6 メガネとイケメンー1
「雅人、ご飯食べよ」
「あぁ、うん」
昼休みに華恋が席へと近付いて来る。ナプキンに包まれた弁当箱を携えて。
「ここで食べる? それかどっか行く?」
「中庭に行こう。先にベンチ確保してて。飲み物買って行くから」
「ん、了解」
椅子から立ち上がると廊下へ移動。下駄箱で靴に履き替えた所で一旦別れた。
「はい」
「サンキュー」
先にベンチに座っていた彼女にペットボトルを渡す。隣に腰掛けながら。
「また同じの買ってきてる。どうして2本とも一緒の銘柄なのよ」
「だってそうしないと僕のまで飲もうとするじゃないか」
「別々の買えば一度に2種類の味が楽しめるじゃないの。お茶とコーラとか、スポーツ飲料水と水とか」
「だからだよ」
身内とはいえ飲み物を共有するような真似はしたくない。なので毎回同じ物を2本買っていた。
「ん~、良い天気。やっぱりこういう時は外で食べるに限るわね」
「今の時季は良いけど夏場は地獄だよ。直射日光に耐えられなさそう」
「確かに。これでもかっていうぐらい汗だくになるわ」
2人して顔を見合わせて笑う。長閑な昼下がりを堪能するように。
「じゃあ食べよっか」
「あ、うん」
3年生になってからの昼食は毎日彼女か母親の手作り弁当。だから一度も学食のメニューを口にしていなかった。
「ほい」
「ん、いつも悪いね」
「そう思ってんならたまには恩返ししなさいよ。
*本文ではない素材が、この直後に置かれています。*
(* Let $P_0,P_1,P_2\in\mathbb H$ be distinct, labelled so that $\chi:=\langle P_0\tilde\times P_1,P_2\rangle\ge0$ and so that $d_0=\max\{d_0,d_1,d_2\}$, where $d_i:=\sqrt{1-2\langle P_{i+1},P_{i+2}\rangle}$ for $i\in\mathbb Z/3\mathbb Z$. Let $\varepsilon\in\{-1,1\}$, $\alpha:=-1+\langle P_0,P_1\rangle+\langle P_1,P_2\rangle+\langle P_2,P_0\rangle$, $\gamma:=3(d_0^2+1)(d_1^2+1)(d_2^2+1)$, $$r_d:=\frac4\gamma\Bigl(-2\alpha(d_0d_1d_2-d_0-d_1-d_2)-2\varepsilon\chi(d_0d_1+d_1d_2+d_2d_0-1)\Bigr),\qquad r_i:=\frac{|r_d|}{d_{i+1}+d_{i+2}}.$$ Then for every $i\in\mathbb Z/3\mathbb Z$, $$r_i\le\rho:=\frac23+\frac2{27}+\frac1{3\sqrt3}\approx0.93319.$$
   Context: $\langle v,w\rangle=-v_1w_1+v_2w_2+v_3w_3$ on $\mathbb R^3$; $\mathbb H=\{P\in\mathbb R^3:\langle P,P\rangle=-1,\ P_1\ge1\}$; $v\tilde\times w:=J(v\times w)$ with $J=\mathrm{diag}(-1,1,1)$ and $\times$ the Euclidean cross product. *)

theory Defs
  imports "HOL-Analysis.Analysis" "HOL-Analysis.Cross3"
begin

definition mink :: "real^3 \<Rightarrow> real^3 \<Rightarrow> real" where
  "mink v w = - (v$1 * w$1) + v$2 * w$2 + v$3 * w$3"

text \<open>Hyperboloid model of the hyperbolic plane.\<close>
definition hyp :: "(real^3) set" where
  "hyp = {P. mink P P = -1 \<and> P$1 \<ge> 1}"

definition Jmat :: "real^3 \<Rightarrow> real^3" where
  "Jmat v = (\<chi> i. if i = 1 then - (v$i) else v$i)"

definition lcross :: "real^3 \<Rightarrow> real^3 \<Rightarrow> real^3" where
  "lcross v w = Jmat (cross3 v w)"

text \<open>Points indexed by Z/3Z are given as P :: nat => real^3, indices taken mod 3.\<close>
definition dist_d :: "(nat \<Rightarrow> real^3) \<Rightarrow> nat \<Rightarrow> real" where
  "dist_d P i = sqrt (1 - 2 * mink (P ((i+1) mod 3)) (P ((i+2) mod 3)))"

definition chi_val :: "(nat \<Rightarrow> real^3) \<Rightarrow> real" where
  "chi_val P = mink (lcross (P 0) (P 1)) (P 2)"

definition alpha_val :: "(nat \<Rightarrow> real^3) \<Rightarrow> real" where
  "alpha_val P = -1 + mink (P 0) (P 1) + mink (P 1) (P 2) + mink (P 2) (P 0)"

definition gamma_val :: "(nat \<Rightarrow> real^3) \<Rightarrow> real" where
  "gamma_val P = 3 * ((dist_d P 0)^2 + 1) * ((dist_d P 1)^2 + 1) * ((dist_d P 2)^2 + 1)"

definition r_d :: "(nat \<Rightarrow> real^3) \<Rightarrow> real \<Rightarrow> real" where
  "r_d P \<epsilon> = 4 / gamma_val P *
     (- 2 * alpha_val P * (dist_d P 0 * dist_d P 1 * dist_d P 2 - dist_d P 0 - dist_d P 1 - dist_d P 2)
      - 2 * \<epsilon> * chi_val P * (dist_d P 0 * dist_d P 1 + dist_d P 1 * dist_d P 2 + dist_d P 2 * dist_d P 0 - 1))"

definition r_i :: "(nat \<Rightarrow> real^3) \<Rightarrow> real \<Rightarrow> nat \<Rightarrow> real" where
  "r_i P \<epsilon> i = \<bar>r_d P \<epsilon>\<bar> / (dist_d P ((i+1) mod 3) + dist_d P ((i+2) mod 3))"

definition rho :: real where
  "rho = 2/3 + 2/27 + 1 / (3 * sqrt 3)"

end

theory Submission
  imports Defs
begin

text \<open>
  Put \<open>c\<^sub>i = -\<langle>P\<^sub>i\<^sub>+\<^sub>1, P\<^sub>i\<^sub>+\<^sub>2\<rangle>\<close>, so that \<open>d\<^sub>i\<^sup>2 = 1 + 2c\<^sub>i\<close>. The reverse Cauchy-Schwarz inequality
  on the hyperboloid gives \<open>c\<^sub>i \<ge> 1\<close>, i.e. \<open>d\<^sub>i \<ge> \<surd>3\<close>; moreover \<open>2\<alpha> = 1 - (d\<^sub>0\<^sup>2 + d\<^sub>1\<^sup>2 + d\<^sub>2\<^sup>2)\<close>.
  The number \<open>\<chi>\<close> is the triple product of \<open>P\<^sub>0, P\<^sub>1, P\<^sub>2\<close>, so \<open>\<chi>\<^sup>2\<close> is minus their Minkowski
  Gram determinant: \<open>\<chi>\<^sup>2 + (c\<^sub>0 - c\<^sub>1c\<^sub>2)\<^sup>2 = (c\<^sub>1\<^sup>2 - 1)(c\<^sub>2\<^sup>2 - 1)\<close>. Hence \<open>|\<chi>| \<le> c\<^sub>1c\<^sub>2\<close> and
  \<open>c\<^sub>0 \<le> 2c\<^sub>1c\<^sub>2\<close>, the latter giving \<open>d\<^sub>0 \<le> d\<^sub>1d\<^sub>2\<close>. What remains is a polynomial inequality
  in \<open>d\<^sub>0 \<ge> d\<^sub>1, d\<^sub>2 \<ge> \<surd>3\<close>: bounding the numerator of \<open>r\<^sub>d\<close> term by term against
  \<open>\<gamma>(d\<^sub>1 + d\<^sub>2)\<close> yields \<open>|r\<^sub>d| \<le> \<rho>(d\<^sub>1 + d\<^sub>2)\<close>, and \<open>d\<^sub>1 + d\<^sub>2\<close> is the smallest of the three
  denominators of the \<open>r\<^sub>i\<close>.
\<close>

lemma mink_le_minus_one_if_hyp:
  assumes "P \<in> hyp" "Q \<in> hyp"
  shows "mink P Q \<le> -1"
proof -
  have P: "(P$2)^2 + (P$3)^2 = (P$1)^2 - 1" "1 \<le> P$1"
   and Q: "(Q$2)^2 + (Q$3)^2 = (Q$1)^2 - 1" "1 \<le> Q$1"
    using assms unfolding hyp_def mink_def by (auto simp: power2_eq_square)
  have "(P$2*Q$2 + P$3*Q$3)^2 \<le> ((P$2)^2 + (P$3)^2) * ((Q$2)^2 + (Q$3)^2)"
    using zero_le_power2[of "P$2*Q$3 - P$3*Q$2"] by (simp add: power2_eq_square algebra_simps)
  also have "\<dots> = (P$1*Q$1 - 1)^2 - (P$1 - Q$1)^2"
    unfolding P Q by (simp add: power2_eq_square algebra_simps)
  also have "\<dots> \<le> (P$1*Q$1 - 1)^2" by simp
  finally have "\<bar>P$2*Q$2 + P$3*Q$3\<bar> \<le> \<bar>P$1*Q$1 - 1\<bar>"
    by (simp only: abs_le_square_iff)
  moreover have "1 \<le> P$1*Q$1" using P(2) Q(2) mult_mono[of 1 "P$1" 1 "Q$1"] by simp
  ultimately show ?thesis unfolding mink_def by linarith
qed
さり気なく頬にキスしてくれるとかさ」
「……あぁ、今日も美味しそうだなぁ」
紺色の箱を受け取ると蓋を開ける。聞こえてくる戯れ言を無視して。
「いただきま~す」
「ちっ…」
校舎を眺めながら卵焼きを口に入れた。チーズ入りの特別版を。
「ねぇ、今度一緒にカラオケ行かない?」
「ん? どうして?」
「雅人の歌声聴いてみたい」
「別に良いけど、あんまり上手くはないよ」
「あれ? 意外。拒否するかと思ったのに」
「カラオケはたまに行くからね。良いストレス発散にもなるし」
「ふ~ん」
他愛ない会話をしながら昼休みを過ごす。今のクラスになってからずっとこの繰り返し。お弁当を持って中庭やら校庭脇に出没。華恋のおかげでぼっちにならずに済んでいた。
「ん? どうしたの?」
「い、いや…」
ただそこに甘えて友達を作ろうとしていなかったのも事実。しかも彼女とは性別が違うので別の問題が発生。
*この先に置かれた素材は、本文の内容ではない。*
lemma int_comb_mem: "\<forall>(k, j)\<in>set ps. j < length generators \<Longrightarrow> int_comb ps \<in> N"
proof (induction ps)
  case Nil
  then show ?case using zero_mem by (simp add: int_comb_def)
next
  case (Cons p ps)
  obtain k j where p: "p = (k, j)" by fastforce
  have "(\<lambda>i. of_int k * (generators ! j) i) \<in> N" "int_comb ps \<in> N"
    using Cons generators_mem of_int_scale_mem p by auto
  from add_mem[OF this] show ?case by (simp add: int_comb_def p)
qed

lemma is_fib_iff_half_in_num:
  assumes cert: "certifies c v"
  shows "is_fib N (vec v) \<longleftrightarrow> half_in_num c"
proof (cases c)
  case (Half_In_Num ps)
  then have "int_comb ps \<in> N" "numeq (int_comb ps) (halfdiv (vec v))"
    using cert int_comb_mem by (auto simp: list_all_iff numeq_iff_cls_list)
  then show ?thesis using numeq_mem Half_In_Num by (simp add: is_fib_def)
next
  case (Half_Not_In_Num j)
  have "halfdiv (vec v) \<notin> N"
  proof
    assume "halfdiv (vec v) \<in> N"
    then have "dot (halfdiv (vec v)) (generators ! j) \<in> \<int>"
      using dot_mem_Ints generators_mem cert Half_Not_In_Num by simp
    then have "frac (dot_list (halfdiv (vec v)) (cls_list (generators ! j))) = 0"
      by (simp add: dot_eq_dot_list)
    moreover have "frac (dot_list (halfdiv (vec v)) (cls_list (generators ! j))) = 1/2"
      using cert Half_Not_In_Num by simp
    ultimately show False by linarith
  qed
  then show ?thesis using Half_Not_In_Num by (simp add: is_fib_def)
qed

lemma is_fib_cycle_table:
  "t \<in> set cycle_table \<Longrightarrow> is_fib N (vec (cyc_coeffs t)) \<longleftrightarrow> half_in_num (cyc_cert t)"
  using cycle_table_certified is_fib_iff_half_in_num by (simp add: list_all_iff)

lemma cls_cval_cycle_table:
  "t \<in> set cycle_table \<Longrightarrow> cls (cval N (vec (cyc_coeffs t))) = vec (cyc_class t)"
  using cls_c_divisor is_fib_cycle_table by (simp add: cval_def c_divisor_def)

lemma HFcls_eq: "HFcls N = (\<lambda>t. vec (cyc_class t)) ` set cycle_table"
proof (intro set_eqI iffI)
  fix x assume "x \<in> HFcls N"
  then show "x \<in> (\<lambda>t. vec (cyc_class t)) ` set cycle_table"
    using cls_cval_cycle_table by (auto simp: HFcls_def ell_cycle_iff_cycle_table)
next
  fix x assume "x \<in> (\<lambda>t. vec (cyc_class t)) ` set cycle_table"
  then obtain t where "t \<in> set cycle_table" "x = vec (cyc_class t)" by blast
  then show "x \<in> HFcls N"
    unfolding HFcls_def ell_cycle_iff_cycle_table using cls_cval_cycle_table
    by (intro CollectI exI[of _ "vec (cyc_coeffs t)"]) auto
qed

lemma fib_type_vec:
  assumes "length w = 12"
  shows "fib_type N (vec w) = table_fib_type w"
proof -
  let ?ts = "filter (\<lambda>t. cyc_class t = w) cycle_table"
  have cycles: "{C. ell_cycle C \<and> cls (cval N C) = vec w} = set (map (\<lambda>t. vec (cyc_coeffs t)) ?ts)"
    using cls_cval_cycle_table vec_eq_iff_eq[OF length_cyc_class assms]
    by (auto simp: ell_cycle_iff_cycle_table)
  have "distinct (map (\<lambda>t. vec (cyc_coeffs t)) ?ts)"
    using cycle_table_shape inj_on_vec_cyc_coeffs
    by (auto simp: distinct_map intro: distinct_filter inj_on_subset)
  then have "mset_set {C. ell_cycle C \<and> cls (cval N C) = vec w} = mset (map (\<lambda>t. vec (cyc_coeffs t)) ?ts)"
    unfolding cycles by (rule mset_set_set)
  then show ?thesis
    using cycle_type_cycle_table is_fib_cycle_table
    by (auto simp: fib_type_def table_fib_type_def cycle_kind_def multiset.map_comp
      intro!: image_mset_cong)
qed

lemma fibration_types_cycle_table:
  "image_mset (fib_type N) (mset_set (HFcls N)) =
   mset (map table_fib_type (remdups (map cyc_class cycle_table)))"
proof -
  let ?ws = "remdups (map cyc_class cycle_table)"
  have classes: "HFcls N = set (map vec ?ws)"
    by (auto simp: HFcls_eq)
  have "distinct (map vec ?ws)"
    using length_cyc_class vec_eq_iff_eq by (auto simp: distinct_map inj_on_def)
  then have "mset_set (HFcls N) = mset (map vec ?ws)"
    unfolding classes by (rule mset_set_set)
  then show ?thesis
    using fib_type_vec length_cyc_class by (auto simp: multiset.map_comp intro!: image_mset_cong)
qed

end

lemma fibration_types_eval:
  "mset (map table_fib_type (remdups (map cyc_class cycle_table))) =
   replicate_mset 1 {#(A 1, HalfFib), (A 1, HalfFib)#}
   + replicate_mset 4 {#(A 3, Fib)#}
   + replicate_mset 8 {#(A 3, HalfFib)#}
   + replicate_mset 2 {#(D 4, Fib), (D 4, Fib)#}"
  by code_simp

section \<open>Isotropic sequences\<close>

fun exists_clique :: "('a \<Rightarrow> 'a \<Rightarrow> bool) \<Rightarrow> nat \<Rightarrow> 'a list \<Rightarrow> bool" where
  "exists_clique R 0 xs = True"
| "exists_clique R (Suc k) xs = list_ex (\<lambda>x. exists_clique R k (filter (R x) xs)) xs"

lemma exists_clique_if_pairwise:
  assumes "set ys \<subseteq> set xs" "\<forall>a<length ys. \<forall>b<length ys. a \<noteq> b \<longrightarrow> R (ys ! a) (ys ! b)"
  shows "exists_clique R (length ys) xs"
  using assms
proof (induction ys arbitrary: xs)
  case (Cons y ys)
  have "R y z" if z: "z \<in> set ys" for z
  proof -
    obtain b where "b < length ys" "z = ys ! b" using z by (auto simp: in_set_conv_nth)
    then show ?thesis using Cons.prems(2)[rule_format, of 0 "Suc b"] by simp
  qed
  then have "set ys \<subseteq> set (filter (R y) xs)"
    using Cons.prems(1) by auto
  moreover have "\<forall>a<length ys. \<forall>b<length ys. a \<noteq> b \<longrightarrow> R (ys ! a) (ys ! b)"
  proof (intro allI impI)
    fix a b assume "a < length ys" "b < length ys" "a \<noteq> b"
    then show "R (ys ! a) (ys ! b)" using Cons.prems(2)[rule_format, of "Suc a" "Suc b"] by simp
  qed
  ultimately have "exists_clique R (length ys) (filter (R y) xs)"
    by (rule Cons.IH)
  then show ?case using Cons.prems(1) by (auto simp: list_ex_iff)
qed simp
男女が一緒にいれば誰であろうともその関係性を疑うであろう。登下校も行動を共にしているから尚更だった。
「美味しい?」
「うん。絶品」
「え? べっぴん? やだもう、恥ずかしい」
「……聴覚どうなってるの」
自分達が噂になっている事は把握している。従兄妹という情報を知っているのは去年のクラスメートだけなので。
「一個聞いていい?」
「何?」
「いつも2人でご飯食べてるけどさ、たまには違う人とお喋りしたいとか思わない?」
「思わない」
「そ、そうですか…」
嬉しいやら恥ずかしいやら。返ってきた予想通りの答えに照れくさくなった。
「何でそんな事聞くの? 私と一緒にご飯食べるの嫌なの?」
「そうじゃなくて女の子同士で過ごしたいとか思わないのかなぁって」
「あぁ……たまに考えるかな。女同士でくだけた話をしたくなる時はあるわよ」
「ならどうして今のクラスで友達作ろとしないのさ?」
「面倒くさくない? わざわざ新しい友達作るとか」
「いや、そうだけど仲良く出来る人がたくさんいたら嬉しいじゃん?」
「ん~…」
彼女が箸を動かす手を止める。そのまま首を寝かせて視線を頭上に向けた。
「同じクラスに雅人がいなかったら作ってたかな。さすがに教室で孤立するのは嫌だし」
「じゃあ僕が学校休んだらヤバいじゃん。昼休みとかどうするのさ」
「その時は私も休むから大丈夫」
「ダメだよ、それ…」
何やら自信満々に宣言しているが完全にズル休み。しかも2人揃って欠席したら益々誤解が進んでしまうハズだ。